*** Provided entries Section Begins ***

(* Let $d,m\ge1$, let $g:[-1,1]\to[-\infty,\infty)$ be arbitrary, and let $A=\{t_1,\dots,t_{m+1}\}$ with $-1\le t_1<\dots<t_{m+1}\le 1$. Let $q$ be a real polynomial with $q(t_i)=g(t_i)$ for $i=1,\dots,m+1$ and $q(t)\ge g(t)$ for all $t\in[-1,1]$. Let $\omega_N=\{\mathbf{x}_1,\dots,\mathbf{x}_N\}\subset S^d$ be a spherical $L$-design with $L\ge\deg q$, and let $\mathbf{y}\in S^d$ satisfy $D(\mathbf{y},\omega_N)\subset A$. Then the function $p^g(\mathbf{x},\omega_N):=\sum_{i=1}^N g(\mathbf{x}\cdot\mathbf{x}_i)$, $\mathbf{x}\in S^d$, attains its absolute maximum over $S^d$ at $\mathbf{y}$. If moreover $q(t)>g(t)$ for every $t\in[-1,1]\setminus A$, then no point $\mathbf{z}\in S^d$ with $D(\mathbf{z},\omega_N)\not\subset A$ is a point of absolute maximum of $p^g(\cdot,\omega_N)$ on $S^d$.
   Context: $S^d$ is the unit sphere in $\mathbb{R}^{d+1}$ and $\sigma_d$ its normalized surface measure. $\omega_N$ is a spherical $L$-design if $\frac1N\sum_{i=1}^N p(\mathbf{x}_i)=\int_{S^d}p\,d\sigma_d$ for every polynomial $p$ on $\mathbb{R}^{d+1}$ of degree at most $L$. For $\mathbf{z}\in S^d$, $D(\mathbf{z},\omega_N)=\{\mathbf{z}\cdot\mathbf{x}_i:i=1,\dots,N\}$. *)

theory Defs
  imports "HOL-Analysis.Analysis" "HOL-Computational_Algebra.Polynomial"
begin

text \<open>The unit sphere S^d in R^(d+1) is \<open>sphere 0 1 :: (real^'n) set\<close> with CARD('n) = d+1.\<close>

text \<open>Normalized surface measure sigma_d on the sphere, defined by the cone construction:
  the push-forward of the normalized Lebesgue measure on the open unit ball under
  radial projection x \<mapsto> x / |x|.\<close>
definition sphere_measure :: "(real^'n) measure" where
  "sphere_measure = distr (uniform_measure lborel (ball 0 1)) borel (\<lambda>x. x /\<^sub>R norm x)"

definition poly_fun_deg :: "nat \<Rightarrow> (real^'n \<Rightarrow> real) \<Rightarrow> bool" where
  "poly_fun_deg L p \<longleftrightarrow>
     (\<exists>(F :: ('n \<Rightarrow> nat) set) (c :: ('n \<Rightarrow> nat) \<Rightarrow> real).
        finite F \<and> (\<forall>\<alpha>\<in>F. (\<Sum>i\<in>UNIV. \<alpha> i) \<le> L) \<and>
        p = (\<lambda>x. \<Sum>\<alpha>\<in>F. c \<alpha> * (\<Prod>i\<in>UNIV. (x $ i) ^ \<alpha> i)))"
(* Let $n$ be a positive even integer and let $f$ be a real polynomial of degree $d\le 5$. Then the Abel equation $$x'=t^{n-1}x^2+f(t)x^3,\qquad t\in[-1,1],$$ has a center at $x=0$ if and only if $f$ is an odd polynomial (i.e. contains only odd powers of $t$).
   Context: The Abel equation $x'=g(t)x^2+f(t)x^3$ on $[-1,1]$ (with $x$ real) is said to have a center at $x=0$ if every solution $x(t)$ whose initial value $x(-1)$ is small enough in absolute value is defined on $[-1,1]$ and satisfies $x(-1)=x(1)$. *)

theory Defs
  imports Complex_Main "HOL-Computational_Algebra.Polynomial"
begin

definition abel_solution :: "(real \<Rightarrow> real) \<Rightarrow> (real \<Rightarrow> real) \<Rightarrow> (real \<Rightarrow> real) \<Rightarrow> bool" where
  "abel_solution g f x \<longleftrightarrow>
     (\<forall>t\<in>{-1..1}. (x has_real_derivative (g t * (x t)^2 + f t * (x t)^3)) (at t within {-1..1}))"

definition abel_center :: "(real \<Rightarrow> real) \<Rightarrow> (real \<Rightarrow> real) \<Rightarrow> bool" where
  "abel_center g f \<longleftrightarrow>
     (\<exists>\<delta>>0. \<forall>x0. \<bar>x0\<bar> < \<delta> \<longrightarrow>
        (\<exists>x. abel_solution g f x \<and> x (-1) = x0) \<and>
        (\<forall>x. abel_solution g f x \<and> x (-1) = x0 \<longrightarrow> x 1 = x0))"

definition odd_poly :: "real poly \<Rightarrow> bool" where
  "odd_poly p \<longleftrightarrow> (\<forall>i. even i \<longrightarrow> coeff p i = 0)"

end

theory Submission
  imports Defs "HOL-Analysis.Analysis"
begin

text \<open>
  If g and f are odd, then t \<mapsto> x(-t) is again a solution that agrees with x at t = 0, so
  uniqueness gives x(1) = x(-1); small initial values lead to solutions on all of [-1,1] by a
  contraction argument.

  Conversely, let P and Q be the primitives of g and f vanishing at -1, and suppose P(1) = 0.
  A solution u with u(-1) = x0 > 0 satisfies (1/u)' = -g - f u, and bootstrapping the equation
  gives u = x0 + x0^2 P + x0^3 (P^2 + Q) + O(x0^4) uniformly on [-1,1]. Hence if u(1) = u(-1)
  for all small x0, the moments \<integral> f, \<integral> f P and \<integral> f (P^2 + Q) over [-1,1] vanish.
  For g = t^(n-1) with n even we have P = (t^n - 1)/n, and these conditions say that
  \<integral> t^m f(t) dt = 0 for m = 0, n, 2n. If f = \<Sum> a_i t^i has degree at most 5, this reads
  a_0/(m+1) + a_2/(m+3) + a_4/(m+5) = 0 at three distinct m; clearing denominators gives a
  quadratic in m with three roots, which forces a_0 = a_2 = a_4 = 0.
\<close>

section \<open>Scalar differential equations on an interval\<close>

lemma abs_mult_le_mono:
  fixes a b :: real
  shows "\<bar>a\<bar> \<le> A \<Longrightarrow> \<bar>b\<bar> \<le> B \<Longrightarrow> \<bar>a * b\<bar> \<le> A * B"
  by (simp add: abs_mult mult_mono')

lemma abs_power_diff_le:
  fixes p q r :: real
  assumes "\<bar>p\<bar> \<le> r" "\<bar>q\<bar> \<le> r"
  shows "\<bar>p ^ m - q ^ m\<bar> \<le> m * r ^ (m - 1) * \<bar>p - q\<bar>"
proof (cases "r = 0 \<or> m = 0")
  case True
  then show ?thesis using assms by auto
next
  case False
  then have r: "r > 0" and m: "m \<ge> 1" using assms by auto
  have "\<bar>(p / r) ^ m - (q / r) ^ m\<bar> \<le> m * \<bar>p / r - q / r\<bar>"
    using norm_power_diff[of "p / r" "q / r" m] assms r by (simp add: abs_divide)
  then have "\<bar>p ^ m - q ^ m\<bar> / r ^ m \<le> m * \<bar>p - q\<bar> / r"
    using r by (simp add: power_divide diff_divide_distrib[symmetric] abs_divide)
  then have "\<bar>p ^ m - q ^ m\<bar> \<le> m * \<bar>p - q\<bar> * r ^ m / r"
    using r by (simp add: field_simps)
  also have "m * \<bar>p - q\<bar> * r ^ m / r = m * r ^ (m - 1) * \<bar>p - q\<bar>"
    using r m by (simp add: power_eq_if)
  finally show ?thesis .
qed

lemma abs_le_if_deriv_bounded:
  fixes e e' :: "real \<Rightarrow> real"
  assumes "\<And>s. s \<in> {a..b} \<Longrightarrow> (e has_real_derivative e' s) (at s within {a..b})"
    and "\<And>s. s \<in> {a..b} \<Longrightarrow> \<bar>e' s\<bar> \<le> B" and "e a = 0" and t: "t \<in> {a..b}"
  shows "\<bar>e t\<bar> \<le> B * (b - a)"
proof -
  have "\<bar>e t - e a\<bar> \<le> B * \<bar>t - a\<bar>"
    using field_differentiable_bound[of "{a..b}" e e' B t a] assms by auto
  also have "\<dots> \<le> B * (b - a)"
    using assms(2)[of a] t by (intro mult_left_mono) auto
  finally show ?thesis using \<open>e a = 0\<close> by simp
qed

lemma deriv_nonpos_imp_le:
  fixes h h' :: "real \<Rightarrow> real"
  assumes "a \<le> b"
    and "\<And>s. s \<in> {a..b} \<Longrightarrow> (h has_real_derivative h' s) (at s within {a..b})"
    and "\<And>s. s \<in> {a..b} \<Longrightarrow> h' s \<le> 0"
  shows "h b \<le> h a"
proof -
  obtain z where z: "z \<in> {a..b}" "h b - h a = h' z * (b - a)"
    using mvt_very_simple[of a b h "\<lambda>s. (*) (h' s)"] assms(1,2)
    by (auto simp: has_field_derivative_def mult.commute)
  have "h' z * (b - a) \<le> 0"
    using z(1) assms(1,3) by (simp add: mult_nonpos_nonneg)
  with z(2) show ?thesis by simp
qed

*** Provided entries Section Ends ***

Exercise: From the data above, output exactly the lines between the one containing "(e has_real_derivative e'" and the one containing "z * (b - a) \<le>", counting both of them.

Exercise answer:
  assumes "\<And>s. s \<in> {a..b} \<Longrightarrow> (e has_real_derivative e' s) (at s within {a..b})"
    and "\<And>s. s \<in> {a..b} \<Longrightarrow> \<bar>e' s\<bar> \<le> B" and "e a = 0" and t: "t \<in> {a..b}"
  shows "\<bar>e t\<bar> \<le> B * (b - a)"
proof -
  have "\<bar>e t - e a\<bar> \<le> B * \<bar>t - a\<bar>"
    using field_differentiable_bound[of "{a..b}" e e' B t a] assms by auto
  also have "\<dots> \<le> B * (b - a)"
    using assms(2)[of a] t by (intro mult_left_mono) auto
  finally show ?thesis using \<open>e a = 0\<close> by simp
qed

lemma deriv_nonpos_imp_le:
  fixes h h' :: "real \<Rightarrow> real"
  assumes "a \<le> b"
    and "\<And>s. s \<in> {a..b} \<Longrightarrow> (h has_real_derivative h' s) (at s within {a..b})"
    and "\<And>s. s \<in> {a..b} \<Longrightarrow> h' s \<le> 0"
  shows "h b \<le> h a"
proof -
  obtain z where z: "z \<in> {a..b}" "h b - h a = h' z * (b - a)"
    using mvt_very_simple[of a b h "\<lambda>s. (*) (h' s)"] assms(1,2)
    by (auto simp: has_field_derivative_def mult.commute)
  have "h' z * (b - a) \<le> 0"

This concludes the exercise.